- Material provided -
⁂
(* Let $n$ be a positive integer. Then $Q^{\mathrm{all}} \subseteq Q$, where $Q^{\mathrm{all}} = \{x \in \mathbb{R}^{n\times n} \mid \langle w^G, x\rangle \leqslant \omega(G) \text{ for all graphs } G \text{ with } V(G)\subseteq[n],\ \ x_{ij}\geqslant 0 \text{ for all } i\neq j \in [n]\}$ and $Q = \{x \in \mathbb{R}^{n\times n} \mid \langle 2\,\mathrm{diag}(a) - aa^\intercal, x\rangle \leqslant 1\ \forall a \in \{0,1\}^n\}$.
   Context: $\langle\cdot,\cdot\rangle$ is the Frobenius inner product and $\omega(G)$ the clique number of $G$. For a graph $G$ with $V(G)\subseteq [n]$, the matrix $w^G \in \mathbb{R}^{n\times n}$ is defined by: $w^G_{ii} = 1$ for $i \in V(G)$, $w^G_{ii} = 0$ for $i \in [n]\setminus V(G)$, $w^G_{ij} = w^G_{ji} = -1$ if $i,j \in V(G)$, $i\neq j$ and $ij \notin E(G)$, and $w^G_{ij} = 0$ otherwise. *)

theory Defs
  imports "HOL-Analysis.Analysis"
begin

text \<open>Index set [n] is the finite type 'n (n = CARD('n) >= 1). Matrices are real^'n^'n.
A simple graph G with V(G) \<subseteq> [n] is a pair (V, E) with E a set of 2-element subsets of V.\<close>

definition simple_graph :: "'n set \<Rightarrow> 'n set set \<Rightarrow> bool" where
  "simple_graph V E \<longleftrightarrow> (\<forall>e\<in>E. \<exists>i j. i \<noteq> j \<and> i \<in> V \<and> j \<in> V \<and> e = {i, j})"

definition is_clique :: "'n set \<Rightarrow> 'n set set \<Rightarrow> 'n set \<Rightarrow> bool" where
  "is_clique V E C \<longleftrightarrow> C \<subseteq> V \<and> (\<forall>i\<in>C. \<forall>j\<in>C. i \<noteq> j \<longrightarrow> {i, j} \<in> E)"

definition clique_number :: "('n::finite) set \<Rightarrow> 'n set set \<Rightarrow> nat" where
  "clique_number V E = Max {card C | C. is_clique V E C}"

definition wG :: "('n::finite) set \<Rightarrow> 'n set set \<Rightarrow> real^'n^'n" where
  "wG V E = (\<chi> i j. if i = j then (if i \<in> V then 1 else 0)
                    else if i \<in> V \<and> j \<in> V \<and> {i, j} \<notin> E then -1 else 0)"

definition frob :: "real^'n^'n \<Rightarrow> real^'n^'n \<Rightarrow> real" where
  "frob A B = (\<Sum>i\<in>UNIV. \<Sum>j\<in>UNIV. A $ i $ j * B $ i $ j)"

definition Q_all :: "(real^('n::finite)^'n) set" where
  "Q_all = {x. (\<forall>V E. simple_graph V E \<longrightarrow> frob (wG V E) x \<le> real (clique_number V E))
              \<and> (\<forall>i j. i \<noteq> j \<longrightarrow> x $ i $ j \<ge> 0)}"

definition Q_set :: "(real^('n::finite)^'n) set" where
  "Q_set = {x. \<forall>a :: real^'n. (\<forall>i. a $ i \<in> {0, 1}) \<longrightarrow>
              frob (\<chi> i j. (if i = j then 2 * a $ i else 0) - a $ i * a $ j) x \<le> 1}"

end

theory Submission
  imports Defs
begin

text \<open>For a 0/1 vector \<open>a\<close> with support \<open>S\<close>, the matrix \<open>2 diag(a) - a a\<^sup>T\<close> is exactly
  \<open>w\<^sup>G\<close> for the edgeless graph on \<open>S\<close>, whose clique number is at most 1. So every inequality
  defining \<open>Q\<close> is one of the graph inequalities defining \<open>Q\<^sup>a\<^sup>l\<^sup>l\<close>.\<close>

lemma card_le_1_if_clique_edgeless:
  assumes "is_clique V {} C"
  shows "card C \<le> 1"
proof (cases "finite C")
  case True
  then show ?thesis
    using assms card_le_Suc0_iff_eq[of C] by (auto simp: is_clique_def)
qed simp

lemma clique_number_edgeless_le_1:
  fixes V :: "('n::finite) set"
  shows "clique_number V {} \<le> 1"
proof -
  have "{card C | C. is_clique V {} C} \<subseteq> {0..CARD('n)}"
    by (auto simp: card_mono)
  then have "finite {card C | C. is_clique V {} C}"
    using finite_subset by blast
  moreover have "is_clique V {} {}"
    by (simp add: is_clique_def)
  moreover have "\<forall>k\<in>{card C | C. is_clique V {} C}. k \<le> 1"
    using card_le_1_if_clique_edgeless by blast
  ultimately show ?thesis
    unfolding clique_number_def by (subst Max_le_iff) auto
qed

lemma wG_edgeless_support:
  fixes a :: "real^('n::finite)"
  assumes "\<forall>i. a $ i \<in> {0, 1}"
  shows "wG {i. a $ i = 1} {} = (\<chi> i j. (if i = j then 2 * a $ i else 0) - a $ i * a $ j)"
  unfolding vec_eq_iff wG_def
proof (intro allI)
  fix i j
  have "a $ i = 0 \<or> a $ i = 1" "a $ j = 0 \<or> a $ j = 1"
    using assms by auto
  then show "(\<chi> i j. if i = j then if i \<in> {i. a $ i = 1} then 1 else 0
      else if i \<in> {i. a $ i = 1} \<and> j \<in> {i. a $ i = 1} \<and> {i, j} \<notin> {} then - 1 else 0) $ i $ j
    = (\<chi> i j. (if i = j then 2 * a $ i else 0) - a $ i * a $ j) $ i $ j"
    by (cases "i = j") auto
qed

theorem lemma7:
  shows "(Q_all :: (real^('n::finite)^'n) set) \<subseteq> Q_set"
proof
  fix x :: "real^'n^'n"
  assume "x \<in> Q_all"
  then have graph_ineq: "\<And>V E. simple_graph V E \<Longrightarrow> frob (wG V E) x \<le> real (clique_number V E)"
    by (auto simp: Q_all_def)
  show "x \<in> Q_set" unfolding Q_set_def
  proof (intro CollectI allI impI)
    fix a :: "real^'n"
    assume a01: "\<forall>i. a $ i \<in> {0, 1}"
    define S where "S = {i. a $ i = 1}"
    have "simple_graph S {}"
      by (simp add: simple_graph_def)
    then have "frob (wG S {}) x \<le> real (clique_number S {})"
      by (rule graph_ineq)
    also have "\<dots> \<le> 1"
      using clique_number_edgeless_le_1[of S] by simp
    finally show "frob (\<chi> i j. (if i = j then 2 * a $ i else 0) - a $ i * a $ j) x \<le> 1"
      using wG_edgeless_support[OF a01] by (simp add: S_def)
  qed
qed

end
⁂
Write the records out again, character for character.

(* Let $n$ be a positive integer. Then $Q^{\mathrm{all}} \subseteq Q$, where $Q^{\mathrm{all}} = \{x \in \mathbb{R}^{n\times n} \mid \langle w^G, x\rangle \leqslant \omega(G) \text{ for all graphs } G \text{ with } V(G)\subseteq[n],\ \ x_{ij}\geqslant 0 \text{ for all } i\neq j \in [n]\}$ and $Q = \{x \in \mathbb{R}^{n\times n} \mid \langle 2\,\mathrm{diag}(a) - aa^\intercal, x\rangle \leqslant 1\ \forall a \in \{0,1\}^n\}$.
   Context: $\langle\cdot,\cdot\rangle$ is the Frobenius inner product and $\omega(G)$ the clique number of $G$. For a graph $G$ with $V(G)\subseteq [n]$, the matrix $w^G \in \mathbb{R}^{n\times n}$ is defined by: $w^G_{ii} = 1$ for $i \in V(G)$, $w^G_{ii} = 0$ for $i \in [n]\setminus V(G)$, $w^G_{ij} = w^G_{ji} = -1$ if $i,j \in V(G)$, $i\neq j$ and $ij \notin E(G)$, and $w^G_{ij} = 0$ otherwise. *)

theory Defs
  imports "HOL-Analysis.Analysis"
begin

text \<open>Index set [n] is the finite type 'n (n = CARD('n) >= 1). Matrices are real^'n^'n.
A simple graph G with V(G) \<subseteq> [n] is a pair (V, E) with E a set of 2-element subsets of V.\<close>

definition simple_graph :: "'n set \<Rightarrow> 'n set set \<Rightarrow> bool" where
  "simple_graph V E \<longleftrightarrow> (\<forall>e\<in>E. \<exists>i j. i \<noteq> j \<and> i \<in> V \<and> j \<in> V \<and> e = {i, j})"

definition is_clique :: "'n set \<Rightarrow> 'n set set \<Rightarrow> 'n set \<Rightarrow> bool" where
  "is_clique V E C \<longleftrightarrow> C \<subseteq> V \<and> (\<forall>i\<in>C. \<forall>j\<in>C. i \<noteq> j \<longrightarrow> {i, j} \<in> E)"

definition clique_number :: "('n::finite) set \<Rightarrow> 'n set set \<Rightarrow> nat" where
  "clique_number V E = Max {card C | C. is_clique V E C}"

definition wG :: "('n::finite) set \<Rightarrow> 'n set set \<Rightarrow> real^'n^'n" where
  "wG V E = (\<chi> i j. if i = j then (if i \<in> V then 1 else 0)
                    else if i \<in> V \<and> j \<in> V \<and> {i, j} \<notin> E then -1 else 0)"

definition frob :: "real^'n^'n \<Rightarrow> real^'n^'n \<Rightarrow> real" where
  "frob A B = (\<Sum>i\<in>UNIV. \<Sum>j\<in>UNIV. A $ i $ j * B $ i $ j)"

definition Q_all :: "(real^('n::finite)^'n) set" where
  "Q_all = {x. (\<forall>V E. simple_graph V E \<longrightarrow> frob (wG V E) x \<le> real (clique_number V E))
              \<and> (\<forall>i j. i \<noteq> j \<longrightarrow> x $ i $ j \<ge> 0)}"

definition Q_set :: "(real^('n::finite)^'n) set" where
  "Q_set = {x. \<forall>a :: real^'n. (\<forall>i. a $ i \<in> {0, 1}) \<longrightarrow>
              frob (\<chi> i j. (if i = j then 2 * a $ i else 0) - a $ i * a $ j) x \<le> 1}"

end

theory Submission
  imports Defs
begin

text \<open>For a 0/1 vector \<open>a\<close> with support \<open>S\<close>, the matrix \<open>2 diag(a) - a a\<^sup>T\<close> is exactly
  \<open>w\<^sup>G\<close> for the edgeless graph on \<open>S\<close>, whose clique number is at most 1. So every inequality
  defining \<open>Q\<close> is one of the graph inequalities defining \<open>Q\<^sup>a\<^sup>l\<^sup>l\<close>.\<close>

lemma card_le_1_if_clique_edgeless:
  assumes "is_clique V {} C"
  shows "card C \<le> 1"
proof (cases "finite C")
  case True
  then show ?thesis
    using assms card_le_Suc0_iff_eq[of C] by (auto simp: is_clique_def)
qed simp

lemma clique_number_edgeless_le_1:
  fixes V :: "('n::finite) set"
  shows "clique_number V {} \<le> 1"
proof -
  have "{card C | C. is_clique V {} C} \<subseteq> {0..CARD('n)}"
    by (auto simp: card_mono)
  then have "finite {card C | C. is_clique V {} C}"
    using finite_subset by blast
  moreover have "is_clique V {} {}"
    by (simp add: is_clique_def)
  moreover have "\<forall>k\<in>{card C | C. is_clique V {} C}. k \<le> 1"
    using card_le_1_if_clique_edgeless by blast
  ultimately show ?thesis
    unfolding clique_number_def by (subst Max_le_iff) auto
qed

lemma wG_edgeless_support:
  fixes a :: "real^('n::finite)"
  assumes "\<forall>i. a $ i \<in> {0, 1}"
  shows "wG {i. a $ i = 1} {} = (\<chi> i j. (if i = j then 2 * a $ i else 0) - a $ i * a $ j)"
  unfolding vec_eq_iff wG_def
proof (intro allI)
  fix i j
  have "a $ i = 0 \<or> a $ i = 1" "a $ j = 0 \<or> a $ j = 1"
    using assms by auto
  then show "(\<chi> i j. if i = j then if i \<in> {i. a $ i = 1} then 1 else 0
      else if i \<in> {i. a $ i = 1} \<and> j \<in> {i. a $ i = 1} \<and> {i, j} \<notin> {} then - 1 else 0) $ i $ j
    = (\<chi> i j. (if i = j then 2 * a $ i else 0) - a $ i * a $ j) $ i $ j"
    by (cases "i = j") auto
qed

theorem lemma7:
  shows "(Q_all :: (real^('n::finite)^'n) set) \<subseteq> Q_set"
proof
  fix x :: "real^'n^'n"
  assume "x \<in> Q_all"
  then have graph_ineq: "\<And>V E. simple_graph V E \<Longrightarrow> frob (wG V E) x \<le> real (clique_number V E)"
    by (auto simp: Q_all_def)
  show "x \<in> Q_set" unfolding Q_set_def
  proof (intro CollectI allI impI)
    fix a :: "real^'n"
    assume a01: "\<forall>i. a $ i \<in> {0, 1}"
    define S where "S = {i. a $ i = 1}"
    have "simple_graph S {}"
      by (simp add: simple_graph_def)
    then have "frob (wG S {}) x \<le> real (clique_number S {})"
      by (rule graph_ineq)
    also have "\<dots> \<le> 1"
      using clique_number_edgeless_le_1[of S] by simp
    finally show "frob (\<chi> i j. (if i = j then 2 * a $ i else 0) - a $ i * a $ j) x \<le> 1"
      using wG_edgeless_support[OF a01] by (simp add: S_def)
  qed
qed

end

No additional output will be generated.